By John E. Thompson
Readers may recall our posts about a similar Labor Department notice published earlier this year. Both proposals are almost certainly related to the DOL’s so-called “Right to Know” initiative that first surfaced in 2010. At that time, the agency spoke of requiring among other things an employer’s “notification of workers’ status” or “classification.”
The matter languished until this past January, when the first survey notice seemed to signal its revival. There were also glimpses of possible requirements, including:
- Formally and explicitly informing workers of their status or classification; and,
- Providing in this disclosure the basis for these determinations.

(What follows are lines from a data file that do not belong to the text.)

(* Let $n$ be a fixed natural number, $G=(V,E)$ a graph on vertex set $\{1,\dots,n\}$ with graph state $|G\rangle$ and stabilizer operators $g_1,\dots,g_n$, let $T>0$, $\beta=1/(k_BT)$, and let $\rho_T$ be the $n$-qubit thermal graph state at temperature $T$. Let $\ell\in\{0,1\}^n$ be arbitrary, and suppose the observable $S_\ell$ is measured on each of $N$ independent copies of $\rho_T$, producing outcomes $o_1,\dots,o_N\in\{+1,-1\}$, with $F_{\rm est}=\frac1N\sum_{i=1}^N o_i$. Then, in the limit $N\to\infty$, with probability one, $$\left|\langle G|\rho_T|G\rangle-F_{\rm est}\right| = \frac{\left|(n-2\,{\rm wt}(\ell))e^{-2\beta}+O(e^{-4\beta})\right|}{(1+e^{-2\beta})^n},$$ where ${\rm wt}(\ell)=\sum_{i=1}^n\ell_i$ is the Hamming weight and $O(e^{-4\beta})$ denotes terms of order $e^{-4\beta}$ and higher in $e^{-2\beta}$.
   Context: For a graph $G=(V,E)$ on $n$ vertices, the graph state is $|G\rangle=\left(\prod_{(i,j)\in E}CZ_{i,j}\right)|+\rangle^{\otimes n}$, where $|+\rangle=(|0\rangle+|1\rangle)/\sqrt2$ and $CZ_{i,j}$ is the controlled-$Z$ gate on qubits $i,j$. Its stabilizer operators are $g_i=X_i\prod_{j:(i,j)\in E}Z_j$ for $1\le i\le n$, where $X_i,Z_j$ are Pauli operators on the indicated qubits. For $\ell=\ell_1\cdots\ell_n\in\{0,1\}^n$ let $S_\ell=\prod_{i=1}^n g_i^{\ell_i}$. Measuring $S_\ell$ on a state $\rho$ means performing the two-outcome projective measurement onto its $\pm1$ eigenspaces. With $\mathcal H=-\sum_{i=1}^n g_i$, the thermal graph state at temperature $T>0$ is $\rho_T=e^{-\beta\mathcal H}/{\rm Tr}[e^{-\beta\mathcal H}]$ with $\beta=1/(k_BT)$, $k_B$ the Boltzmann constant. *)

theory Defs
  imports "HOL-Probability.Probability" "HOL-Computational_Algebra.Polynomial"
    "Jordan_Normal_Form.Matrix"
begin

text \<open>n-qubit operators are complex 2^n x 2^n matrices (Jordan_Normal_Form).
  Qubits are indexed 0..n-1; computational basis state k < 2^n has qubit i in
  state |bit k i>.\<close>

definition trace_mat :: "complex mat \<Rightarrow> complex" where
  "trace_mat A = (\<Sum>i<dim_row A. A $$ (i,i))"
lemma exp_linepath_primitive:
  assumes "f holomorphic_on -{0}"
  obtains G where "\<And>w. (G has_field_derivative f (exp w) * exp w) (at w)"
    and "\<And>a b. contour_integral (\<lambda>s. exp (linepath a b s)) f = G b - G a"
proof -
  have "(f \<circ> exp) holomorphic_on UNIV"
    by (rule holomorphic_on_compose_gen[OF holomorphic_on_exp assms]) auto
  then have "(\<lambda>w. f (exp w) * exp w) holomorphic_on UNIV"
    by (auto intro!: holomorphic_intros simp: o_def)
  then obtain G where "\<And>w. w \<in> UNIV \<Longrightarrow> (G has_field_derivative f (exp w) * exp w) (at w within UNIV)"
    using holomorphic_convex_primitive'[OF convex_UNIV open_UNIV] by blast
  then have G: "\<And>w. (G has_field_derivative f (exp w) * exp w) (at w)"
    by simp
  have "contour_integral (exp \<circ> linepath a b) f = G b - G a" for a b
  proof -
    have "contour_integral (exp \<circ> linepath a b) f
            = contour_integral (linepath a b) (\<lambda>w. deriv exp w * f (exp w))"
      by (rule contour_integral_comp_analyticW) (auto intro: analytic_intros)
    also have "\<dots> = G b - G a"
      using contour_integral_primitive[of UNIV G "\<lambda>w. deriv exp w * f (exp w)" "linepath a b"] G
      by (simp add: DERIV_imp_deriv[OF DERIV_exp] contour_integral_unique mult.commute)
    finally show ?thesis .
  qed
  then show ?thesis
    using that[OF G] by (simp add: o_def)
qed

lemma primitive_periodic_increment:
  fixes \<Phi> \<phi> :: "'a::real_normed_field \<Rightarrow> 'a"
  assumes "\<And>w. (\<Phi> has_field_derivative \<phi> w) (at w)" and "\<And>w. \<phi> (w + c) = \<phi> w"
  shows "\<Phi> (w + c) - \<Phi> w = \<Phi> c - \<Phi> 0"
proof -
  have "((\<lambda>w. \<Phi> (w + c) - \<Phi> w) has_field_derivative \<phi> (w + c) * (1 + 0) - \<phi> w) (at w)" for w
    by (intro DERIV_diff DERIV_chain2[OF assms(1)] DERIV_add DERIV_ident DERIV_const assms(1))
  then have "((\<lambda>w. \<Phi> (w + c) - \<Phi> w) has_field_derivative 0) (at w within UNIV)" for w
    by (simp add: assms(2))
  then have "\<exists>k. \<forall>w\<in>UNIV. \<Phi> (w + c) - \<Phi> w = k"
    by (intro has_field_derivative_zero_constant[OF convex_UNIV])
  then obtain k where "\<And>w. \<Phi> (w + c) - \<Phi> w = k"
    by blast
  then show ?thesis
    by (metis add_0)
qed

lemma increment_eq_0_if_tendsto_filtercomap_Re:
  fixes D :: "complex \<Rightarrow> complex" and F :: "real filter"
  assumes "F \<noteq> bot" "Re p = 0" "\<And>w. D (w + p) - D w = k" "(D \<longlongrightarrow> c) (filtercomap Re F)"
  shows "k = 0"
proof -
  have "filterlim (\<lambda>w. w + p) (filtercomap Re F) (filtercomap Re F)"
    using assms(2) by (simp add: filterlim_filtercomap_iff o_def filterlim_filtercomap)
  then have "((\<lambda>w. D (w + p) - D w) \<longlongrightarrow> c - c) (filtercomap Re F)"
    by (intro tendsto_diff filterlim_compose[OF assms(4)] assms(4))
  then show ?thesis
    using filtercomap_neq_bot_surj[OF assms(1) surj_Re] by (simp add: assms(3) tendsto_const_iff)
qed

lemma has_contour_integral_vertical_period_tendsto:
  fixes D :: "complex \<Rightarrow> complex" and F :: "real filter"
  assumes "F \<noteq> bot" "D holomorphic_on UNIV" "\<And>w. D (w + 2 * pi * \<i>) = D w"
    and "(D \<longlongrightarrow> c) (filtercomap Re F)"
  shows "(D has_contour_integral 2 * pi * \<i> * c) (linepath a (a + 2 * pi * \<i>))"
proof -
  obtain \<Phi> where "\<And>w. w \<in> UNIV \<Longrightarrow> (\<Phi> has_field_derivative D w) (at w within UNIV)"
    using holomorphic_convex_primitive'[OF convex_UNIV open_UNIV assms(2)] by blast
  then have \<Phi>: "\<And>w. (\<Phi> has_field_derivative D w) (at w)"
    by simp
  define I where "I = \<Phi> (2 * pi * \<i>) - \<Phi> 0"
  have int: "(D has_contour_integral I) (linepath b (b + 2 * pi * \<i>))" for b
  proof -
    have "(D has_contour_integral \<Phi> (b + 2 * pi * \<i>) - \<Phi> b) (linepath b (b + 2 * pi * \<i>))"
      using contour_integral_primitive[of UNIV \<Phi> D "linepath b (b + 2 * pi * \<i>)"] \<Phi> by simp
    then show ?thesis
      using primitive_periodic_increment[OF \<Phi> assms(3), of b] by (simp add: I_def)
  qed
  \<comment> \<open>On a vertical line where D is uniformly close to c, I is close to 2 pi i c.\<close>
  have "norm (I - 2 * pi * \<i> * c) \<le> 0 + e" if e: "e > 0" for e
  proof -
    have "eventually (\<lambda>z. dist (D z) c < e / (2 * pi)) (filtercomap Re F)"
      using tendstoD[OF assms(4)] e by simp
    then obtain L where "eventually L F" and L: "\<And>z. L (Re z) \<Longrightarrow> dist (D z) c < e / (2 * pi)"
      unfolding eventually_filtercomap by blast
    then obtain x where "L x"
      using eventually_happens'[OF assms(1)] by blast
    with L have x: "\<And>z. Re z = x \<Longrightarrow> dist (D z) c < e / (2 * pi)"
      by blast
    have "((\<lambda>z. D z - c) has_contour_integral I - c * (x + 2 * pi * \<i> - x))
            (linepath x (x + 2 * pi * \<i>))"
      by (intro has_contour_integral_diff int has_contour_integral_const_linepath)
    moreover have "Re z = x" if "z \<in> closed_segment (of_real x) (x + 2 * pi * \<i>)" for z
      using that by (auto simp: closed_segment_def scaleR_conv_of_real algebra_simps)
    ultimately have "norm (I - c * (x + 2 * pi * \<i> - x)) \<le> e / (2 * pi) * norm (x + 2 * pi * \<i> - x)"
      using e x by (intro has_contour_integral_bound_linepath) (auto simp: dist_norm less_imp_le)
    then show ?thesis
      by (simp add: norm_mult algebra_simps)
  qed
  then have "I = 2 * pi * \<i> * c"
    using field_le_epsilon[of "norm (I - 2 * pi * \<i> * c)" 0] by simp
  then show ?thesis
    using int by simp
qed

What kind of “status” or “classification?”
In the wage-hour area, “classification,” “misclassification,” and similar labels have come to be used in two different ways. In one sense, they refer to whether a worker must be categorized as an employee or may instead be treated as a non-employee (such as an independent contractor). An alternative usage has to do with whether an employee is or is not exempt from the FLSA’s minimum-wage and/or overtime requirements.
There was widespread uncertainty in 2010 as to whether the Labor Department was including the exemption-related meaning, and agency officials seemed to be avoiding the question. Last January, the DOL said that it was using “misclassification” to refer to “the practice … of improperly treating a worker who is an employee under the applicable law as in a work status other than an employee (i.e., an independent contractor).”

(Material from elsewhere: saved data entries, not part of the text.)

(* Let $(G,G_{\mathrm{mtree}})$ be a strictly increasing graph. Then there is a computad $(G,\mathfrak{g}_2,s,t)$ with $|\mathfrak{g}_2|=1-\chi(\mathcal{F}_{\mathrm{Top}_1}(G))$ which presents the thin category $\overline{\mathcal{M}_1}\mathcal{F}_1(G)$ freely generated by $G$.
   Context: Graphs and their categories. - A small graph $G$ consists of a set of objects, a set of arrows, and domain and codomain maps. - $\mathcal{F}_1(G)$ is the free category on $G$, whose morphisms are paths. - $\overline{\mathcal{M}_1}\mathcal{F}_1(G)$ is its thin (preorder) reflection: the preorder on objects with $x\le y$ iff there is a path $x\to y$. - $\mathcal{F}_{\mathrm{Top}_1}(G)$ is the topological realization of $G$, and $\chi$ is the real Euler characteristic. Weak trees. - $G$ is connected if $\mathcal{F}_1(G)$ is connected. - A weak tree is a connected graph $T$ such that $\mathcal{F}_1(T)$ is thin. - A maximal weak tree of $G$ is a subgraph of $G$ that is a weak tree and is maximal among such subgraphs. Monotone and strictly increasing graphs. A monotone graph is a pair $(G,G_{\mathrm{mtree}})$ satisfying: - $G$ is a small connected graph; - $\chi(\mathcal{F}_{\mathrm{Top}_1}(G))\in\mathbb{Z}$; - $G_{\mathrm{mtree}}$ is a maximal weak tree of $G$; - for every arrow $f\colon x\to y$ of $G$, either $x\le y$ or $y\le x$, where $\le$ is the partial order of the poset $\mathcal{F}_1(G_{\mathrm{mtree}})$. An arrow $f\colon x\to y$ with $y\le x$ is called nonincreasing. A monotone graph with no nonincreasing arrows is called strictly increasing. Computads. A computad $(G,\mathfrak{g}_2,s,t)$ is a set $\mathfrak{g}_2$ together with, for each $\alpha\in\mathfrak{g}_2$, parallel morphisms $s(\alpha),t(\alpha)$ of $\mathcal{F}_1(G)$. It presents the category obtained as the quotient of $\mathcal{F}_1(G)$ by the smallest congruence identifying $s(\alpha)$ and $t(\alpha)$. *)

theory Defs
  imports Main
begin

record ('v, 'a) graph =
  Obj  :: "'v set"
  Arr  :: "'a set"
  gdom :: "'a \<Rightarrow> 'v"
  gcod :: "'a \<Rightarrow> 'v"

definition wf_graph :: "('v, 'a) graph \<Rightarrow> bool" where
  "wf_graph G \<longleftrightarrow> (\<forall>f \<in> Arr G. gdom G f \<in> Obj G \<and> gcod G f \<in> Obj G)"

definition subgraph :: "('v, 'a) graph \<Rightarrow> ('v, 'a) graph \<Rightarrow> bool" where
  "subgraph H G \<longleftrightarrow> wf_graph H \<and> Obj H \<subseteq> Obj G \<and> Arr H \<subseteq> Arr G \<and>
     (\<forall>f \<in> Arr H. gdom H f = gdom G f \<and> gcod H f = gcod G f)"

section \<open>The free category F_1(G): morphisms are paths (x, [f1,...,fn], y)\<close>

inductive gpath :: "('v, 'a) graph \<Rightarrow> 'v \<Rightarrow> 'a list \<Rightarrow> 'v \<Rightarrow> bool" for G where
  gpath_nil: "x \<in> Obj G \<Longrightarrow> gpath G x [] x"
| gpath_cons: "f \<in> Arr G \<Longrightarrow> gdom G f = x \<Longrightarrow> gpath G (gcod G f) fs y \<Longrightarrow> gpath G x (f # fs) y"

type_synonym ('v, 'a) mor = "'v \<times> 'a list \<times> 'v"

definition is_mor :: "('v, 'a) graph \<Rightarrow> ('v, 'a) mor \<Rightarrow> bool" where
  "is_mor G m \<longleftrightarrow> (case m of (x, p, y) \<Rightarrow> gpath G x p y)"

definition parallel :: "('v, 'a) graph \<Rightarrow> ('v, 'a) mor \<Rightarrow> ('v, 'a) mor \<Rightarrow> bool" where
  "parallel G m n \<longleftrightarrow> is_mor G m \<and> is_mor G n \<and> fst m = fst n \<and> snd (snd m) = snd (snd n)"

text \<open>Thin reflection / preorder: x \<le> y iff there is a path x \<rightarrow> y.\<close>
definition reach :: "('v, 'a) graph \<Rightarrow> 'v \<Rightarrow> 'v \<Rightarrow> bool" where
  "reach G x y \<longleftrightarrow> (\<exists>p. gpath G x p y)"

definition connected_graph :: "('v, 'a) graph \<Rightarrow> bool" where
  "connected_graph G \<longleftrightarrow> Obj G \<noteq> {} \<and>
     (\<forall>x \<in> Obj G. \<forall>y \<in> Obj G. (\<lambda>a b. reach G a b \<or> reach G b a)\<^sup>*\<^sup>* x y)"

definition thin_free :: "('v, 'a) graph \<Rightarrow> bool" where
  "thin_free G \<longleftrightarrow> (\<forall>x y p q. gpath G x p y \<longrightarrow> gpath G x q y \<longrightarrow> p = q)"

definition weak_tree :: "('v, 'a) graph \<Rightarrow> bool" where
  "weak_tree T \<longleftrightarrow> wf_graph T \<and> connected_graph T \<and> thin_free T"

definition maximal_weak_tree :: "('v, 'a) graph \<Rightarrow> ('v, 'a) graph \<Rightarrow> bool" where
  "maximal_weak_tree T G \<longleftrightarrow> subgraph T G \<and> weak_tree T \<and>
     (\<forall>T'. subgraph T' G \<and> weak_tree T' \<and> subgraph T T' \<longrightarrow> Obj T' = Obj T \<and> Arr T' = Arr T)"

text \<open>Combinatorial rendering: the realization of a graph is a 1-dimensional CW complex;
  for a connected graph it is homotopy equivalent to a wedge of circles indexed by the
  arrows outside an (undirected) spanning tree.\<close>

definition uconn :: "('v, 'a) graph \<Rightarrow> 'a set \<Rightarrow> 'v \<Rightarrow> 'v \<Rightarrow> bool" where
  "uconn G T = (\<lambda>a b. \<exists>e \<in> T. (gdom G e = a \<and> gcod G e = b) \<or> (gdom G e = b \<and> gcod G e = a))\<^sup>*\<^sup>*"

definition spanning_tree :: "('v, 'a) graph \<Rightarrow> 'a set \<Rightarrow> bool" where
  "spanning_tree G T \<longleftrightarrow> T \<subseteq> Arr G \<and>
     (\<forall>x \<in> Obj G. \<forall>y \<in> Obj G. uconn G T x y) \<and>
     (\<forall>e \<in> T. \<not> uconn G (T - {e}) (gdom G e) (gcod G e))"

definition euler_char_is_int :: "('v, 'a) graph \<Rightarrow> bool" where
  "euler_char_is_int G \<longleftrightarrow> (\<exists>T. spanning_tree G T \<and> finite (Arr G - T))"

definition euler_char :: "('v, 'a) graph \<Rightarrow> int" where
  "euler_char G = (THE \<chi>. \<exists>T. spanning_tree G T \<and> finite (Arr G - T) \<and> \<chi> = 1 - int (card (Arr G - T)))"

definition monotone_graph :: "('v, 'a) graph \<Rightarrow> ('v, 'a) graph \<Rightarrow> bool" where
  "monotone_graph G T \<longleftrightarrow> wf_graph G \<and> connected_graph G \<and> euler_char_is_int G \<and>
     maximal_weak_tree T G \<and>
     (\<forall>f \<in> Arr G. reach T (gdom G f) (gcod G f) \<or> reach T (gcod G f) (gdom G f))"

definition strictly_increasing_graph :: "('v, 'a) graph \<Rightarrow> ('v, 'a) graph \<Rightarrow> bool" where
  "strictly_increasing_graph G T \<longleftrightarrow> monotone_graph G T \<and>
     (\<forall>f \<in> Arr G. \<not> reach T (gcod G f) (gdom G f))"

definition computad :: "('v, 'a) graph \<Rightarrow> 'c set \<Rightarrow> ('c \<Rightarrow> ('v, 'a) mor) \<Rightarrow> ('c \<Rightarrow> ('v, 'a) mor) \<Rightarrow> bool" where
  "computad G g2 s t \<longleftrightarrow> (\<forall>\<alpha> \<in> g2. parallel G (s \<alpha>) (t \<alpha>))"

inductive gen_cong :: "('v, 'a) graph \<Rightarrow> 'c set \<Rightarrow> ('c \<Rightarrow> ('v, 'a) mor) \<Rightarrow> ('c \<Rightarrow> ('v, 'a) mor)
    \<Rightarrow> ('v, 'a) mor \<Rightarrow> ('v, 'a) mor \<Rightarrow> bool" for G g2 s t where
  cong_gen: "\<alpha> \<in> g2 \<Longrightarrow> gen_cong G g2 s t (s \<alpha>) (t \<alpha>)"
| cong_refl: "is_mor G m \<Longrightarrow> gen_cong G g2 s t m m"
| cong_sym: "gen_cong G g2 s t m n \<Longrightarrow> gen_cong G g2 s t n m"
| cong_trans: "gen_cong G g2 s t m n \<Longrightarrow> gen_cong G g2 s t n k \<Longrightarrow> gen_cong G g2 s t m k"
| cong_ctx: "gen_cong G g2 s t (x, p, y) (x, q, y) \<Longrightarrow> gpath G w a x \<Longrightarrow> gpath G y b z \<Longrightarrow>
     gen_cong G g2 s t (w, a @ p @ b, z) (w, a @ q @ b, z)"

text \<open>The computad presents the thin reflection of F_1(G) (via the canonical identity-on-objects
  functor F_1(G)/~ \<rightarrow> thin reflection) iff the generated congruence identifies
  all parallel morphisms of F_1(G) (it only ever relates parallel ones).\<close>
definition presents_thin_reflection ::
  "('v, 'a) graph \<Rightarrow> 'c set \<Rightarrow> ('c \<Rightarrow> ('v, 'a) mor) \<Rightarrow> ('c \<Rightarrow> ('v, 'a) mor) \<Rightarrow> bool" where
  "presents_thin_reflection G g2 s t \<longleftrightarrow>
     (\<forall>m n. gen_cong G g2 s t m n \<longleftrightarrow> parallel G m n)"

end

(* If G is strictly increasing, every arrow f : x -> y of G has a path from x to y in
   the maximal weak tree T, unique because F_1(T) is thin. Imposing the relation
   "f = that path" for each arrow f outside T lets every path of G be rewritten into a
   path of T, so any two parallel paths become equal: these relations present the thin
   reflection. There are at most 1 - chi of them: T contains and connects all objects,
   and by the exchange property of spanning trees a set of arrows whose removal leaves G
   connected is no larger than the complement of a spanning tree, which has 1 - chi
   elements. The bound can be strict, since T may contain undirected cycles
   (a -> b <- c -> d <- a); the missing generators relate an identity to itself. *)
theory Submission
  imports Defs
begin

definition uconnected :: "('v, 'a) graph \<Rightarrow> 'a set \<Rightarrow> bool" where
  "uconnected G R \<longleftrightarrow> (\<forall>x \<in> Obj G. \<forall>y \<in> Obj G. uconn G R x y)"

However, it announced this most-recent survey in the context of “exemptions … requiring employers to classify employees to ensure adherence to proper practices.”
Leaving aside for now whether this is an accurate characterization of FLSA exemptions, there no longer appears to be any question but that emerging “Right to Know” requirements will include exemption-related employer obligations.
The Department of Labor is seeking comments on this latest proposed survey by December 9, 2013. This is shorter than the 60-day time frame (i) required by Section 3506 of the Paperwork Reduction Act, and (ii) provided in connection with January’s proposal. The notice gives no explanation for the truncated comment period.
Moreover, the Labor Department did not publish the actual information request with the notice.
The agency said that the material would be available via a hyperlink in the notice, but as of this writing the link does not work. We have now requested copies by email.
Here’s the bottom line: Businesses and other organizations should study the proposed survey and should make their views known. As we said in January, it is foreseeable that the actual information collection might be orchestrated so as to set the stage for unprecedented new Fair Labor Standards Act requirements.